What is being asked. Reproduce every line in the material below that holds "dots".

------------------------------------------------

lemma powr_gram_finer_eq:
  fixes l m s :: real assumes "l > 0" "m > 0"
  shows "l powr (-1 - s/2) * m powr (1 - s/2) * (m / l) powr (s/2) = l powr (-s) * (m / l)"
proof -
  have "l powr (-1 - s/2) * m powr (1 - s/2) * (m / l) powr (s/2)
      = exp ((-1 - s/2) * ln l + (1 - s/2) * ln m + (s/2) * (ln m - ln l))"
    using assms by (simp add: powr_def ln_div exp_add)
  also have "\<dots> = exp ((-s) * ln l + (ln m - ln l))"
    by (intro arg_cong[where f = exp]) (simp add: field_simps)
  also have "\<dots> = l powr (-s) * (m / l)"
    using assms by (simp add: powr_def exp_add exp_diff exp_minus field_simps)
  finally show ?thesis .
qed

lemma powr_gram_coarser_eq:
  fixes l m a s :: real assumes "l > 0" "m > 0" "a > 0"
  shows "m powr (-1 - s/2) * l powr (1 - s/2) * (a * l) powr s * (m / l) powr (s/2)
           = a powr s * (l / m)"
proof -
  have "m powr (-1 - s/2) * l powr (1 - s/2) * (a * l) powr s * (m / l) powr (s/2)
      = exp ((-1 - s/2) * ln m + (1 - s/2) * ln l + s * (ln a + ln l) + (s/2) * (ln m - ln l))"
    using assms by (simp add: powr_def ln_div ln_mult exp_add)
  also have "\<dots> = exp (s * ln a + (ln l - ln m))"
    by (intro arg_cong[where f = exp]) (simp add: field_simps)
  also have "\<dots> = a powr s * (l / m)"
    using assms by (simp add: powr_def exp_add exp_diff)
  finally show ?thesis .
qed

definition gram :: "(real^'n::finite) measure \<Rightarrow> ('n dyadic_index \<Rightarrow> real^'n \<Rightarrow> real)
   \<Rightarrow> 'n dyadic_index \<Rightarrow> 'n dyadic_index \<Rightarrow> real" where
  "gram \<mu> \<psi> Q R = integral\<^sup>L \<mu> (\<lambda>x. \<psi> Q x * \<psi> R x)"

lemma gram_sym: "gram \<mu> \<psi> Q R = gram \<mu> \<psi> R Q"
  unfolding gram_def by (simp add: mult.commute)

lemma riesz_system_mono:
  assumes "riesz_system C \<mu> \<psi>" and "C \<le> C'"
  shows "riesz_system C' \<mu> \<psi>"
  unfolding riesz_system_def
proof (intro allI impI)
  fix a :: "'a dyadic_index \<Rightarrow> real" and F :: "'a dyadic_index set"
  assume sa: "(\<lambda>Q. (a Q)\<^sup>2) summable_on UNIV" and fin: "finite F"
  have "(\<integral>\<^sup>+ x. ennreal ((\<Sum>Q\<in>F. a Q * \<psi> Q x)\<^sup>2) \<partial>\<mu>) \<le> ennreal (C * (\<Sum>\<^sub>\<infinity>Q. (a Q)\<^sup>2))"
    using assms(1) sa fin unfolding riesz_system_def by blast
  also have "\<dots> \<le> ennreal (C' * (\<Sum>\<^sub>\<infinity>Q. (a Q)\<^sup>2))"
    using assms(2) by (intro ennreal_leI mult_right_mono infsum_nonneg) auto
  finally show "(\<integral>\<^sup>+ x. ennreal ((\<Sum>Q\<in>F. a Q * \<psi> Q x)\<^sup>2) \<partial>\<mu>) \<le> ennreal (C' * (\<Sum>\<^sub>\<infinity>Q. (a Q)\<^sup>2))" .
qed

definition gram_row_bound :: "nat \<Rightarrow> real \<Rightarrow> real \<Rightarrow> real \<Rightarrow> real" where
  "gram_row_bound d s \<Lambda> A = 2 * \<Lambda> * A\<^sup>2 * (3 * A) powr s * (4 * A + 1) ^ d"

lemma gram_row_bound_le:
  fixes A s \<Lambda> :: real assumes A: "A \<ge> 1" and s: "s > 0" and \<Lambda>: "\<Lambda> > 0"
  shows "4 * gram_row_bound d s \<Lambda> A \<le> (8 * \<Lambda> * 3 powr s * 5 ^ d) * A powr (real d + 2 + 3 * s / 2)"
proof -
  have A0: "A > 0" using A by simp
  have "(4 * A + 1) ^ d \<le> (5 * A) ^ d" using A by (intro power_mono) auto
  hence "4 * gram_row_bound d s \<Lambda> A \<le> 4 * (2 * \<Lambda> * A\<^sup>2 * (3 * A) powr s * (5 * A) ^ d)"
    unfolding gram_row_bound_def using \<Lambda> A0 by (intro mult_left_mono) auto
  also have "\<dots> = (8 * \<Lambda> * 3 powr s * 5 ^ d) * A powr (real d + 2 + s)"
    using A0 by (simp add: powr_mult powr_realpow powr_add algebra_simps)
  also have "\<dots> \<le> (8 * \<Lambda> * 3 powr s * 5 ^ d) * A powr (real d + 2 + 3 * s / 2)"
    using A s \<Lambda> by (intro mult_left_mono powr_mono) auto
  finally show ?thesis .
qed

context
  fixes s \<Lambda> A :: real and \<mu> :: "(real^'n::finite) measure"
    and \<psi> :: "'n dyadic_index \<Rightarrow> real^'n \<Rightarrow> real"
  assumes nice: "nice_measure s \<Lambda> \<mu>" and \<Lambda>: "\<Lambda> > 0" and A: "A \<ge> 1" and s: "s > 0"
    and \<psi>: "\<And>Q. \<psi> Q \<in> Psi s \<mu> A Q"
begin

lemma gram_nonzero_dist:
  assumes "gram \<mu> \<psi> Q R \<noteq> 0"
  shows "dist (centre Q) (centre R) < A * side_len Q + A * side_len R"
proof -
  have "(\<lambda>x. \<psi> Q x * \<psi> R x) \<noteq> (\<lambda>x. 0)" using assms by (auto simp: gram_def)
  then obtain x where x: "\<psi> Q x \<noteq> 0" "\<psi> R x \<noteq> 0" by (metis mult_zero_left mult_zero_right)
  have A0: "A > 0" using A by simp
  show ?thesis
    using Psi_support[OF \<psi> A0 x(1)] Psi_support[OF \<psi> A0 x(2)]
      dist_triangle[of "centre Q" "centre R" x] by (simp add: dist_commute)
qed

------------------------------------------------

Completed task.
  also have "\<dots> = exp ((-s) * ln l + (ln m - ln l))"
  also have "\<dots> = l powr (-s) * (m / l)"
  also have "\<dots> = exp (s * ln a + (ln l - ln m))"
  also have "\<dots> = a powr s * (l / m)"
  also have "\<dots> \<le> ennreal (C' * (\<Sum>\<^sub>\<infinity>Q. (a Q)\<^sup>2))"
  also have "\<dots> = (8 * \<Lambda> * 3 powr s * 5 ^ d) * A powr (real d + 2 + s)"
  also have "\<dots> \<le> (8 * \<Lambda> * 3 powr s * 5 ^ d) * A powr (real d + 2 + 3 * s / 2)"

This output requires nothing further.